The saving grace of this game was the potential that the modern-day plot had. Compared with the rest of the game, the modern-day plot was vastly more riveting. I, as a gamer, was more interested in Desmond’s plight against the all-powerful Abstergo than Altaïr’s journey to bring lost honor back to his name. Desmond was far more relatable as a character. I mean, we’ve all been a little victimized by large corporation at some point, right? Maybe not to the extent that Assassin’s Creed took it, but still . . .

It’s pretty widely accepted the Assassin’s Creed franchise is very unique. There isn’t another game that quite does what Assassin’s Creed is able to do. One of the major things Assassin’s Creed had going for it was that the setting was interesting and functional. The explorable world is well developed and (for the most part) quite functional. In a world where the Middle East isn’t the best place to have a casual family vacation, Assassin’s Creed allows gamers to experience another world and culture within the safety of their houses. This is one of the aspects that drew me towards it to begin with.

How else can you witness a view like this (legally) but in the virtual world of Assassin's Creed?

How else can you witness a view like this (legally) but in the virtual world of Assassin’s Creed?

While Assassin’s Creed enables one to experience new cultures, a player is also able to experience a loose version of the past. Assassin’s Creed is probably the most successful “historical fiction” video game franchise. History geeks (like myself) have the ability to geek out over represented historical events such as the Third Crusade (although the developers took some liberties with historical events for plot purposes). This historical fiction niche was later honed in with the addition of the Animus Database (not appearing in the first game) which gave historical information about people and places to those who cared enough to read it.

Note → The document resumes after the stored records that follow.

(* Suppose Assumptions (A1), (A2), (A5) and (A7) hold, and that $L$ is strictly convex in $v$. Let $x_0\in\mathbb{R}$, $\varpi\in\mathbb{H}_{\mathbb{F}}$, and let $(X^*,P,Z)$, with $X^*,P,Z\in\mathbb{H}_{\mathbb{F}}$, solve on $[0,T]$ $$dX_t=-H_p(X_t,P_t+\varpi_t)\,dt,\quad X_0=x_0,\qquad dP_t=H_x(X_t,P_t+\varpi_t)\,dt+Z_t\,dW_t,\quad P_T=\Psi'(X_T).$$ Define $v^*=-H_p(X^*,P+\varpi)$. Then $v^*$ attains $$\inf_{v\in\mathbb{H}_{\mathbb{F}}} \mathbb{E}\left[\int_0^T \big(L(X_t,v_t)+\varpi_t v_t\big)\,dt+\Psi(X_T)\right],\qquad X_t=x_0+\int_0^t v_s\,ds.$$
   Context: Fix $T>0$ and a complete filtered probability space $(\Omega,\mathcal{F},\mathbb{F},\mathbb{P})$, where $\mathbb{F}$ is the standard filtration generated by a one-dimensional Brownian motion $W$. $\mathbb{H}_{\mathbb{F}}$ denotes the Hilbert space of measurable, $\mathbb{F}$-adapted processes $v:[0,T]\times\Omega\to\mathbb{R}$ with $\mathbb{E}[\int_0^T v_t^2dt]<\infty$. The Hamiltonian is $H(x,p)=\sup_{v\in\mathbb{R}}\{-pv-L(x,v)\}$. (A1) $L\in C^1(\mathbb{R}^2;[0,\infty))$ and $(x,v)\mapsto L(x,v)$ is convex. (A2) $\Psi\in C^1(\mathbb{R};[0,\infty))$ is convex. (A5) There are $\alpha>0$, $\beta\ge0$ with $\alpha|v|^2-\beta\le L(x,v)$ for all $x,v$. (A7) There is $C>0$ with $|H_p(x,p)|\le C(1+|p|)$ for all $(x,p)$. *)

theory Defs
  imports "HOL-Probability.Probability"
begin

definition gen_sets :: "'a measure \<Rightarrow> (real \<Rightarrow> 'a \<Rightarrow> real) \<Rightarrow> real \<Rightarrow> 'a set set" where
  "gen_sets M W t = sigma_sets (space M)
     (\<Union>r\<in>{0..t}. {W r -` B \<inter> space M | B. B \<in> sets (borel :: real measure)})"

definition std_filtration :: "'a measure \<Rightarrow> (real \<Rightarrow> 'a \<Rightarrow> real) \<Rightarrow> real \<Rightarrow> 'a set set" where
  "std_filtration M W t = {A \<in> sets M. \<exists>B \<in> gen_sets M W t. (A - B) \<union> (B - A) \<in> null_sets M}"

definition brownian_motion :: "'a measure \<Rightarrow> (real \<Rightarrow> 'a \<Rightarrow> real) \<Rightarrow> bool" where
  "brownian_motion M W \<longleftrightarrow> prob_space M \<and>
     (\<forall>t. W t \<in> borel_measurable M) \<and>
     (AE \<omega> in M. W 0 \<omega> = 0 \<and> continuous_on {0..} (\<lambda>t. W t \<omega>)) \<and>
     (\<forall>s t. 0 \<le> s \<longrightarrow> s < t \<longrightarrow>
        distributed M lborel (\<lambda>\<omega>. W t \<omega> - W s \<omega>) (\<lambda>x. ennreal (normal_density 0 (sqrt (t - s)) x)) \<and>
        prob_space.indep_set M (gen_sets M W s)
          {(\<lambda>\<omega>. W t \<omega> - W s \<omega>) -` B \<inter> space M | B. B \<in> sets (borel :: real measure)})"

definition adapted_to :: "'a measure \<Rightarrow> (real \<Rightarrow> 'a \<Rightarrow> real) \<Rightarrow> real \<Rightarrow> (real \<Rightarrow> 'a \<Rightarrow> real) \<Rightarrow> bool" where
  "adapted_to M W T v \<longleftrightarrow>
     (\<forall>t\<in>{0..T}. \<forall>B \<in> sets (borel :: real measure). v t -` B \<inter> space M \<in> std_filtration M W t)"

definition HF :: "'a measure \<Rightarrow> (real \<Rightarrow> 'a \<Rightarrow> real) \<Rightarrow> real \<Rightarrow> (real \<Rightarrow> 'a \<Rightarrow> real) set" where
  "HF M W T = {v. (\<lambda>(t, \<omega>). v t \<omega>) \<in> borel_measurable (restrict_space lborel {0..T} \<Otimes>\<^sub>M M)
      \<and> adapted_to M W T v
      \<and> (\<integral>\<^sup>+ \<omega>. (\<integral>\<^sup>+ t. ennreal ((v t \<omega>)\<^sup>2) * indicator {0..T} t \<partial>lborel) \<partial>M) < \<infinity>}"

definition simple_ito :: "'a measure \<Rightarrow> (real \<Rightarrow> 'a \<Rightarrow> real) \<Rightarrow> real
      \<Rightarrow> (real \<Rightarrow> 'a \<Rightarrow> real) \<Rightarrow> (real \<Rightarrow> 'a \<Rightarrow> real) \<Rightarrow> bool" where
  "simple_ito M W T S I \<longleftrightarrow>
     (\<exists>(k::nat) (tt::nat \<Rightarrow> real) (\<xi>::nat \<Rightarrow> 'a \<Rightarrow> real).
        tt 0 = 0 \<and> tt k = T \<and> (\<forall>i<k. tt i < tt (Suc i)) \<and>
        (\<forall>i<k. \<xi> i \<in> borel_measurable M \<and>
           (\<forall>B \<in> sets (borel :: real measure). \<xi> i -` B \<inter> space M \<in> std_filtration M W (tt i)) \<and>
           (\<integral>\<^sup>+ \<omega>. ennreal ((\<xi> i \<omega>)\<^sup>2) \<partial>M) < \<infinity>) \<and>
        S = (\<lambda>t \<omega>. \<Sum>i<k. \<xi> i \<omega> * indicator {tt i<..tt (Suc i)} t) \<and>
        I = (\<lambda>t \<omega>. \<Sum>i<k. \<xi> i \<omega> * (W (min t (tt (Suc i))) \<omega> - W (min t (tt i)) \<omega>)))"
(* Let $G$ and $H$ be isoclinic finite groups. Then $A_G(t)=A_H\left(\frac{|G|}{|H|}t\right)$ and $B_G(t)=B_H\left(\frac{|G|}{|H|}t\right)$.
   Context: For a finite group $G$ and $n\ge 0$, $G$ acts on $G^n$ by simultaneous conjugation. Let $G^{(n)}\subseteq G^n$ be the set of $n$-tuples of pairwise commuting elements. Let $\alpha_{G,n}$ (resp. $\beta_{G,n}$) be the number of $G$-orbits on $G^n$ (resp. on $G^{(n)}$), and set $A_G(t)=\sum_{n\ge0}\alpha_{G,n}t^n$, $B_G(t)=\sum_{n\ge0}\beta_{G,n}t^n$; these are rational functions of $t$. Two finite groups $G$ and $H$ are isoclinic if there exist isomorphisms $\theta:G/Z(G)\to H/Z(H)$ and $\phi:G'\to H'$ (where $G'$ is the commutator subgroup) such that $\phi([g_1,g_2])=[h_1,h_2]$ whenever $\theta(g_iZ(G))=h_iZ(H)$ for $i=1,2$; i.e. $\phi\circ a_G=a_H\circ(\theta\times\theta)$ where $a_G(g_1Z(G),g_2Z(G))=[g_1,g_2]$. *)

theory Defs
  imports "HOL-Algebra.Algebra" "HOL-Computational_Algebra.Formal_Power_Series"
begin

definition grp_center :: "('a, 'b) monoid_scheme \<Rightarrow> 'a set" where
  "grp_center G = {z \<in> carrier G. \<forall>g \<in> carrier G. z \<otimes>\<^bsub>G\<^esub> g = g \<otimes>\<^bsub>G\<^esub> z}"

text \<open>Commutator, with the same convention as the library's derived subgroup.\<close>
definition grp_comm :: "('a, 'b) monoid_scheme \<Rightarrow> 'a \<Rightarrow> 'a \<Rightarrow> 'a" where
  "grp_comm G x y = x \<otimes>\<^bsub>G\<^esub> y \<otimes>\<^bsub>G\<^esub> inv\<^bsub>G\<^esub> x \<otimes>\<^bsub>G\<^esub> inv\<^bsub>G\<^esub> y"
lemma succeeds_other_channel:
  assumes channels: "\<forall>l \<in> pending n s. a l \<in> {1, 2}"
    and j: "j \<in> pending n s" and k: "k \<in> pending n s" "k \<noteq> j"
    and succ_j: "succeeds n s a j"
  shows "a k = 3 - a j"
proof -
  have "a k \<noteq> a j"
    using succ_j k by (auto simp: succeeds_iff)
  moreover have "a k \<in> {1, 2}" "a j \<in> {1, 2}"
    using channels j k by auto
  ultimately show ?thesis
    by auto
qed

lemma succeeds_other_iff:
  assumes channels: "\<forall>l \<in> pending n s. a l \<in> {1, 2}"
    and j: "j \<in> pending n s" and k: "k \<in> pending n s" "k \<noteq> j"
    and succ_j: "succeeds n s a j"
  shows "succeeds n s a k \<longleftrightarrow> pending n s = {j, k}"
proof -
  have others: "a l = a k" if "l \<in> pending n s" "l \<noteq> j" for l
    using succeeds_other_channel[OF channels j that succ_j] succeeds_other_channel[OF channels j k succ_j]
    by simp
  have "a k \<noteq> 0" "a j \<noteq> a k"
    using succeeds_other_channel[OF channels j k succ_j] channels j by auto
  then have "succeeds n s a k \<longleftrightarrow> (\<forall>l \<in> pending n s - {k}. l = j)"
    unfolding succeeds_iff using others by auto
  also have "\<dots> \<longleftrightarrow> pending n s = {j, k}"
    using j k by blast
  finally show ?thesis .
qed

lemma succeeds_unique:
  assumes channels: "\<forall>l \<in> pending n s. a l \<in> {1, 2}" and many: "3 \<le> card (pending n s)"
    and j: "j \<in> pending n s" and k: "k \<in> pending n s"
    and succ_j: "succeeds n s a j" and succ_k: "succeeds n s a k"
  shows "j = k"
proof (rule ccontr)
  assume "j \<noteq> k"
  then have "pending n s = {j, k}"
    using succeeds_other_iff[OF channels j k _ succ_j] succ_k by simp
  then show False
    using many \<open>j \<noteq> k\<close> by simp
qed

Despite not being a great game, Assassin’s Creed is vastly important to the series as a whole and should not be overlooked because it had a couple of faults. Assassin’s Creed layered the foundation for future games to stand on and is usually referenced at least once in every game (Assassin’s Creed: Revelations was practically a direct sequel of the original). I do have to give kudos to Ubisoft for creating this game and growing upon it with the sequels to make it the well beloved series that it is today.

I cannot, in all honesty, wholeheartedly recommend playing the original Assassin’s Creed. If one were to skip this game and go straight into Assassin’s Creed II, I would recommend watching a “movie” version of the original on YouTube (which includes all cut scenes and crucial bits of missions) or reading a plot summary to prevent confusion in later games. You aren’t missing out on much, I swear.